Parks can cut health gap between rich and poor

LONDON (Reuters) - Parks, playing fields and forests greatly narrow health gaps between the rich and poor, and governments should do more to promote and invest in green areas, researchers said on Friday.

Earlier studies have linked living near green space to improved health but the findings in the journal Lancet show some of the impacts are bigger than thought, said Richard Mitchell, an epidemiologist who led the study.

“The size of the difference in the health gap is surprising and represented a much bigger effect than I had been expecting,” Mitchell, a researcher at the University of Glasgow, said in a telephone interview.

“So the key message is green spaces are another tool for governments to combat this health gap between rich and poor.”

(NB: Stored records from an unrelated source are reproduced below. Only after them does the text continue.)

(* Let $\mathcal{C}$ be a 3XOR instance on variable set $\mathcal{X}$ and suppose every SOS refutation of $\mathcal{C}$ requires degree exceeding $r$ (i.e. a degree-$r$ pseudo-expectation operator for $\mathcal{C}$ exists). Then every SOS refutation of the statement "$G_{\mathcal{C}}$ and $G_{\mathcal{C}^0}$ are isomorphic" requires degree exceeding $r/3$.
   Context: A 3XOR instance $\mathcal{C}$ over $\mathcal{X}$ consists of equations $x_{j_1}+x_{j_2}+x_{j_3}=b$ over $\mathbb{Z}_2$ on three distinct variables; $\mathcal{C}^0$ replaces every right-hand side by $0$. Graph $G_{\mathcal{C}}$: for each variable $x$, two variable vertices $x\mapsto 0,x\mapsto 1$ joined by an edge; for each equation $C$ on $x_1,x_2,x_3$, four constraint vertices $\alpha_C$, one per satisfying assignment $\alpha=(x_1\mapsto a_1,x_2\mapsto a_2,x_3\mapsto a_3)$ of $C$, forming a clique, each adjacent to the variable vertices $x_i\mapsto a_i$; variable vertices are shared across constraints, constraint vertices are not. SOS for 3XOR: a degree-$r$ pseudo-expectation for $\mathcal{C}$ is a linear functional $\tilde{E}$ on real polynomials of degree at most $r$ in indeterminates $A[x\mapsto a]$ ($x\in\mathcal{X},a\in\mathbb{Z}_2$) with $\tilde{E}[1]=1$ and, for all polynomials $q$ with the product of degree at most $r$: $\tilde{E}[(A[x\mapsto a]^2-A[x\mapsto a])q]=0$; $\tilde{E}[(A[x\mapsto 0]+A[x\mapsto 1]-1)q]=0$; for each $C\in\mathcal{C}$ on $x_1,x_2,x_3$, $\tilde{E}[(\sum_{\alpha\text{ satisfying }C}A[x_1\mapsto\alpha(x_1)]A[x_2\mapsto\alpha(x_2)]A[x_3\mapsto\alpha(x_3)]-1)q]=0$; and $\tilde{E}[p^2]\ge0$ for all $p$ of degree at most $r/2$. A degree-$r$ SOS refutation exists iff no such operator exists. SOS for isomorphism of $G,H$ ($|V(G)|=|V(H)|$, $|E(G)|=|E(H)|$): a degree-$r$ pseudo-expectation is a linear functional $\tilde{E}$ on polynomials of degree at most $r$ in indeterminates $\Pi[u\mapsto v]$ ($u\in V(G)$, $v\in V(H)$) with $\tilde{E}[1]=1$ and, for all polynomials with products of degree at most $r$: $\tilde{E}[(\Pi[u\mapsto v]^2-\Pi[u\mapsto v])q]=0$; $\tilde{E}[(\sum_{v}\Pi[u\mapsto v]-1)q]=0$ for each $u$ and $\tilde{E}[(\sum_u\Pi[u\mapsto v]-1)q]=0$ for each $v$; $\tilde{E}[(\sum_{\{u,u'\}\in E(G)}\sum_{v,v':\{v,v'\}\in E(H)}\Pi[u\mapsto v]\Pi[u'\mapsto v']-|E(G)|)p^2]\ge0$; $\tilde{E}[p^2]\ge 0$ for $\deg p\le r/2$. A degree-$r$ SOS refutation of isomorphism exists iff no such operator exists. *)

theory Defs
  imports Complex_Main "HOL-Library.Multiset"
begin

type_synonym 'v rpoly = "'v multiset \<Rightarrow> real"

definition poly_over :: "'v set \<Rightarrow> 'v rpoly \<Rightarrow> bool" where
  "poly_over S p \<longleftrightarrow> finite {m. p m \<noteq> 0} \<and> (\<forall>m. p m \<noteq> 0 \<longrightarrow> set_mset m \<subseteq> S)"

definition deg_le :: "'v rpoly \<Rightarrow> nat \<Rightarrow> bool" where
  "deg_le p d \<longleftrightarrow> (\<forall>m. p m \<noteq> 0 \<longrightarrow> size m \<le> d)"

definition pconst :: "real \<Rightarrow> 'v rpoly" where
  "pconst c = (\<lambda>m. if m = {#} then c else 0)"

definition pvar :: "'v \<Rightarrow> 'v rpoly" where
  "pvar v = (\<lambda>m. if m = {#v#} then 1 else 0)"

definition padd :: "'v rpoly \<Rightarrow> 'v rpoly \<Rightarrow> 'v rpoly" where
  "padd p q = (\<lambda>m. p m + q m)"
(* Let $(D,x,y)$ be a decorated resolution configuration, let $Z_1\in Z(D)$ be a leaf of $D$, and let $A_1\in A(D)$ be the arc one of whose endpoints lies on $Z_1$. Let $Z_2\in Z(D)$ be the circle containing the other endpoint of $A_1$, let $Z_1^*\in Z(s(D))$ be the circle containing both endpoints of the dual arc $A_1^*$, and let $Z_2^*$ be the unique circle of $Z(s_{A(D)\setminus\{A_1\}}(D))\setminus\{Z_1\}$ containing an endpoint of $A_1$. Let $D'$ be obtained from $D$ by deleting $Z_1$ and $A_1$, and let $(D',x',y')$ be the decorated resolution configuration with $y'$ induced from $y$ on $Z(D')$, $x'$ induced from $x$ on $Z(s(D'))\setminus\{Z_2^*\}=Z(s(D))\setminus\{Z_1^*\}$, and $x'(Z_2^* )=x(Z_1^* )$ if $y(Z_1)=x_+$, and $x'(Z_2^* )=x_+$ otherwise. Then $P(D,x,y)\cong P(D',x',y')\times\{0,1\}$, where $\{0,1\}$ is the two-element poset with $0\prec 1$.
   Context: A resolution configuration $D=(Z(D),A(D))$ consists of a finite set $Z(D)$ of circles immersed in $S^2$ (union has only transverse double points) and a finite totally ordered set $A(D)$ of disjoint embedded arcs meeting the circles exactly in their endpoints. Surgery $s_A(D)$ along $A$: in a small disk around $A$ meeting the circles in segments $\alpha$ (ends $z,w$) and $\beta$ (ends $x,y$), $z,x$ on one side of $A$, replace $\alpha\cup\beta$ by strands $z$–$y$ and $x$–$w$ crossing once; arcs become $A(D)\setminus\{A\}$; $s_{A'}(D)$ for $A'\subseteq A(D)$, $s(D)=s_{A(D)}(D)$. $A$ is an $\eta$-, $\Delta$-, or $m$-arc according as surgery changes the number of circles by $0$, $+1$, $-1$. The graph $G(D)$ has a vertex for each circle and an edge for each arc (joining the circles containing its endpoints). A leaf of $D$ is a circle whose vertex has degree $1$ in $G(D)$. The dual arc $A^*$ of $A\in A(D)$ is a small arc parallel to $A$ whose endpoints lie on the two strands created by surgery along $A$ (so it is an arc of the dual configuration with circles $Z(s(D))$). Labeled configurations, the partial order $\prec$, decorated configurations and $P(D,x,y)$: a labeling assigns $x_+$ or $x_-$ to each circle; $(E,y)\prec(D,x)$ is generated by: $D=s_A(E)$ for a single arc $A$, $x,y$ agree on circles not meeting $\partial A$, and for a $\Delta$-arc splitting $Z_i$ into $Z_j,Z_k$: $y(Z_i)=x(Z_j)=x(Z_k)=x_-$ or ($y(Z_i)=x_+$, $\{x(Z_j),x(Z_k)\}=\{x_+,x_-\}$); for an $m$-arc merging $Z_i,Z_j$ into $Z_k$: $y(Z_i)=y(Z_j)=x(Z_k)=x_+$ or ($\{y(Z_i),y(Z_j)\}=\{x_+,x_-\}$, $x(Z_k)=x_-$); no relation for $\eta$-arcs; then take transitive closure. A decorated resolution configuration $(D,x,y)$ has $x$ labeling $Z(s(D))$, $y$ labeling $Z(D)$, $(D,y)\preceq(s(D),x)$, and $P(D,x,y)=\{(E,z):(D,y)\preceq(E,z)\preceq(s(D),x)\}$. *)

theory Defs
  imports Main "HOL-Library.FuncSet"
begin

text \<open>
A configuration consists of a finite set of marked points lying on the circles;
the circles are the cycles of the permutation nxt (each circle is oriented and
nxt r is the next marked point along the circle after r).  lft r records whether
the arc at r leaves the circle on the left of its orientation (w.r.t. the
orientation of the sphere).  arcs is a set of pairwise disjoint two-element
sets of marked points (the endpoints of the arcs).  Marked points not on any
arc are plain markers (needed so that arc-free circles are represented).
\<close>

record 'p rconf =
  pts  :: "'p set"
  nxt  :: "'p \<Rightarrow> 'p"
  lft  :: "'p \<Rightarrow> bool"
  arcs :: "'p set set"

definition wf_conf :: "'p rconf \<Rightarrow> bool" where
  "wf_conf D \<longleftrightarrow> finite (pts D) \<and> bij_betw (nxt D) (pts D) (pts D)
     \<and> (\<forall>A\<in>arcs D. card A = 2 \<and> A \<subseteq> pts D)
     \<and> (\<forall>A\<in>arcs D. \<forall>A'\<in>arcs D. A \<noteq> A' \<longrightarrow> A \<inter> A' = {})"

text \<open>Nodes are ends of strands at marked points: (r,False) is the strand end
just before r, (r,True) the strand end just after r (along the orientation).
The edges of s_B(D): the circle segments between consecutive marked points,
the local strand through r if r is not an endpoint of a surgered arc, and for a
surgered arc {p,q} the two new strands z--y, x--w (crossing once).\<close>

type_synonym 'p node = "'p \<times> bool"

definition sedges :: "'p rconf \<Rightarrow> 'p set set \<Rightarrow> ('p node \<times> 'p node) set" where
  "sedges D B =
     {((r,True),(nxt D r,False)) | r. r \<in> pts D}
   \<union> {((r,False),(r,True)) | r. r \<in> pts D \<and> r \<notin> \<Union>B}
   \<union> {((p,False),(q,False)) | p q. {p,q} \<in> B \<and> p \<noteq> q \<and> lft D p = lft D q}
   \<union> {((p,True),(q,True)) | p q. {p,q} \<in> B \<and> p \<noteq> q \<and> lft D p = lft D q}
   \<union> {((p,False),(q,True)) | p q. {p,q} \<in> B \<and> p \<noteq> q \<and> lft D p \<noteq> lft D q}"

definition circles :: "'p rconf \<Rightarrow> 'p set set \<Rightarrow> 'p node set set" where
  "circles D B = {{m. (n,m) \<in> (sedges D B \<union> (sedges D B)\<inverse>)\<^sup>*} | n. n \<in> pts D \<times> UNIV}"

definition on_circle :: "'p \<Rightarrow> 'p node set \<Rightarrow> bool" where
  "on_circle r C \<longleftrightarrow> (r,True) \<in> C"

definition meets :: "'p node set \<Rightarrow> 'p set \<Rightarrow> bool" where
  "meets C A \<longleftrightarrow> (\<exists>r\<in>A. \<exists>s. (r,s) \<in> C)"

datatype lab = xplus | xminus

text \<open>Labeled configurations (s_B(D), l) with B \<subseteq> A(D); the generating
relation of the partial order: (s_B(D),l) \<prec> (s_{B \<union> {A}}(D), l').\<close>
definition delta_rel :: "'p rconf \<Rightarrow> 'p set set \<Rightarrow> ('p node set \<Rightarrow> lab) \<Rightarrow> 'p set set
                          \<Rightarrow> ('p node set \<Rightarrow> lab) \<Rightarrow> 'p set \<Rightarrow> bool" where
  "delta_rel D B l B' l' A \<longleftrightarrow>
     card (circles D B') = card (circles D B) + 1 \<and>
     (\<exists>Zi Zj Zk. {C\<in>circles D B. meets C A} = {Zi} \<and> {C\<in>circles D B'. meets C A} = {Zj,Zk}
        \<and> Zj \<noteq> Zk \<and>
        ((l Zi = xminus \<and> l' Zj = xminus \<and> l' Zk = xminus) \<or>
         (l Zi = xplus \<and> {l' Zj, l' Zk} = {xplus, xminus})))"

definition m_rel :: "'p rconf \<Rightarrow> 'p set set \<Rightarrow> ('p node set \<Rightarrow> lab) \<Rightarrow> 'p set set
                          \<Rightarrow> ('p node set \<Rightarrow> lab) \<Rightarrow> 'p set \<Rightarrow> bool" where
  "m_rel D B l B' l' A \<longleftrightarrow>
     card (circles D B') + 1 = card (circles D B) \<and>
     (\<exists>Zi Zj Zk. {C\<in>circles D B. meets C A} = {Zi,Zj} \<and> Zi \<noteq> Zj
        \<and> {C\<in>circles D B'. meets C A} = {Zk} \<and>
        ((l Zi = xplus \<and> l Zj = xplus \<and> l' Zk = xplus) \<or>
         ({l Zi, l Zj} = {xplus, xminus} \<and> l' Zk = xminus)))"

definition step :: "'p rconf \<Rightarrow> ('p set set \<times> ('p node set \<Rightarrow> lab))
                     \<Rightarrow> ('p set set \<times> ('p node set \<Rightarrow> lab)) \<Rightarrow> bool" where
  "step D E F \<longleftrightarrow> (case E of (B,l) \<Rightarrow> case F of (B',l') \<Rightarrow>
     B \<subseteq> arcs D \<and> l \<in> extensional (circles D B) \<and> l' \<in> extensional (circles D B') \<and>
     (\<exists>A \<in> arcs D - B. B' = insert A B \<and>
        (\<forall>C\<in>circles D B. \<not> meets C A \<longrightarrow> C \<in> circles D B' \<and> l' C = l C) \<and>
        (delta_rel D B l B' l' A \<or> m_rel D B l B' l' A)))"

definition leq :: "'p rconf \<Rightarrow> ('p set set \<times> ('p node set \<Rightarrow> lab))
                     \<Rightarrow> ('p set set \<times> ('p node set \<Rightarrow> lab)) \<Rightarrow> bool" where
  "leq D = (step D)\<^sup>*\<^sup>*"

definition decorated :: "'p rconf \<Rightarrow> ('p node set \<Rightarrow> lab) \<Rightarrow> ('p node set \<Rightarrow> lab) \<Rightarrow> bool" where
  "decorated D x y \<longleftrightarrow> wf_conf D \<and> y \<in> extensional (circles D {})
     \<and> x \<in> extensional (circles D (arcs D)) \<and> leq D ({}, y) (arcs D, x)"

definition Ppos :: "'p rconf \<Rightarrow> ('p node set \<Rightarrow> lab) \<Rightarrow> ('p node set \<Rightarrow> lab)
                     \<Rightarrow> ('p set set \<times> ('p node set \<Rightarrow> lab)) set" where
  "Ppos D x y = {e. leq D ({}, y) e \<and> leq D e (arcs D, x)}"

definition deg :: "'p rconf \<Rightarrow> 'p node set \<Rightarrow> nat" where
  "deg D Z = card {A\<in>arcs D. card {r\<in>A. on_circle r Z} = 1}
           + 2 * card {A\<in>arcs D. \<forall>r\<in>A. on_circle r Z}"

definition leaf :: "'p rconf \<Rightarrow> 'p node set \<Rightarrow> bool" where
  "leaf D Z \<longleftrightarrow> Z \<in> circles D {} \<and> deg D Z = 1"

text \<open>Z(s(D)) circle containing both endpoints of the dual arc of A, i.e. both
strands created by surgery along A.\<close>
definition dual_arc_circle :: "'p set \<Rightarrow> 'p node set \<Rightarrow> bool" where
  "dual_arc_circle A C \<longleftrightarrow> (\<forall>r\<in>A. \<forall>s. (r,s) \<in> C)"

definition delete_circ_arc :: "'p rconf \<Rightarrow> 'p node set \<Rightarrow> 'p set \<Rightarrow> 'p rconf" where
  "delete_circ_arc D Z A = D\<lparr>pts := {r\<in>pts D. \<not> on_circle r Z}, arcs := arcs D - {A}\<rparr>"

definition order_iso_betw where
  "order_iso_betw le1 S le2 T f \<longleftrightarrow> bij_betw f S T \<and>
     (\<forall>a\<in>S. \<forall>b\<in>S. le1 a b \<longleftrightarrow> le2 (f a) (f b))"

end

theory Submission
  imports Defs "HOL-Combinatorics.Cycles"
begin

text \<open>
  Write \<open>A'\<close> for the arcs other than \<open>A1\<close>. For \<open>B \<subseteq> A'\<close> the leaf \<open>Z1\<close> is untouched by surgery, so the
  circles of \<open>s\<^sub>B(D)\<close> are \<open>Z1\<close> together with those of \<open>s\<^sub>B(D')\<close>; surgery along \<open>A1\<close> as well merges
  \<open>Z1\<close> with the circle of \<open>s\<^sub>B(D')\<close> through the other endpoint \<open>q\<close> of \<open>A1\<close> and changes nothing else.
  So an element \<open>(B, l)\<close> of \<open>P(D,x,y)\<close> is described by \<open>B - {A1}\<close>, by whether \<open>A1 \<in> B\<close>, and by a
  labelling of \<open>s\<^bsub>B - {A1}\<^esub>(D')\<close>: before \<open>A1\<close> is surgered \<open>Z1\<close> keeps its label \<open>y(Z1)\<close>; afterwards the
  label of the merged circle is carried by the circle through \<open>q\<close>, except that for \<open>y(Z1) = x\<^sub>-\<close> the
  merged circle is forced to be \<open>x\<^sub>-\<close> and the circle through \<open>q\<close> must have been \<open>x\<^sub>+\<close>. Under this
  dictionary the moves along arcs of \<open>A'\<close> are exactly the moves of \<open>P(D',x',y')\<close>, and the move along
  \<open>A1\<close> is the step \<open>0 \<prec> 1\<close> of the second factor.
\<close>

section \<open>Connected components of an undirected graph\<close>

definition component_of :: "('a \<times> 'a) set \<Rightarrow> 'a \<Rightarrow> 'a set" where
  "component_of E n = {m. (n,m) \<in> (E \<union> E\<inverse>)\<^sup>*}"

lemma symcl_rtrancl_sym: "(a,b) \<in> (E \<union> E\<inverse>)\<^sup>* \<Longrightarrow> (b,a) \<in> (E \<union> E\<inverse>)\<^sup>*"
  by (rule symD[OF sym_rtrancl[OF sym_Un_converse]])

lemma symcl_rtrancl_mono: "E \<subseteq> F \<Longrightarrow> (a,b) \<in> (E \<union> E\<inverse>)\<^sup>* \<Longrightarrow> (a,b) \<in> (F \<union> F\<inverse>)\<^sup>*"
  by (metis Un_mono converse_mono rtrancl_mono subsetD)

lemma component_of_self [simp]: "n \<in> component_of E n"
  by (simp add: component_of_def)

lemma component_of_eq: "m \<in> component_of E n \<Longrightarrow> component_of E m = component_of E n"
  unfolding component_of_def by (auto intro: rtrancl_trans symcl_rtrancl_sym)

lemma component_of_eq_if_inter:
  "component_of E a \<inter> component_of E b \<noteq> {} \<Longrightarrow> component_of E a = component_of E b"
  by (metis component_of_eq disjoint_iff)

lemma component_of_disjoint: "n \<notin> component_of E c \<Longrightarrow> component_of E n \<inter> component_of E c = {}"
  using component_of_eq_if_inter[of E n c] component_of_self[of n E] by blast

lemma component_of_edge_iff: "(a,b) \<in> E \<Longrightarrow> a \<in> component_of E n \<longleftrightarrow> b \<in> component_of E n"
  unfolding component_of_def by (auto intro: rtrancl_into_rtrancl)

lemma component_of_edge_fw: "(a,b) \<in> E \<Longrightarrow> a \<in> component_of E n \<Longrightarrow> b \<in> component_of E n"
  and component_of_edge_bw: "(a,b) \<in> E \<Longrightarrow> b \<in> component_of E n \<Longrightarrow> a \<in> component_of E n"
  using component_of_edge_iff[of a b E n] by simp_all

lemma symcl_rtrancl_restrict:
  assumes "(n,m) \<in> (E \<union> E\<inverse>)\<^sup>*" "\<forall>(a,b)\<in>E. a \<in> V \<longleftrightarrow> b \<in> V" "n \<in> V"
  shows "m \<in> V \<and> (n,m) \<in> (Restr E V \<union> (Restr E V)\<inverse>)\<^sup>*"
  using assms(1)
proof (induction rule: rtrancl_induct)
  case base
  show ?case using assms(3) by simp
next
  case (step u w)
  then have "w \<in> V" using assms(2) by blast
  with step have "(u,w) \<in> Restr E V \<union> (Restr E V)\<inverse>" by auto
  with step.IH \<open>w \<in> V\<close> show ?case by (meson rtrancl.rtrancl_into_rtrancl)
qed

Promoting outdoor recreation and boosting health can in the long run save on health care spending, he added.

Parkland and open space make a difference, Mitchell said, by helping people get rid of stress and allowing more physical activity — both of which reduce risk of heart disease.

“This is the first time we have demonstrated that aspects of the physical environment can have an impact in such a good way,” he said. “It is a combination of exercise and restoration.”

Mitchell and colleagues looked at the health impact of parks, playing fields and forests by dividing England into five sectors based on the amount of adjacent green areas and then comparing death rates between rich and poor.

In the greenest areas, the health gap between the richest and poorest people as measured by death rates was about half as big as that in the least green areas.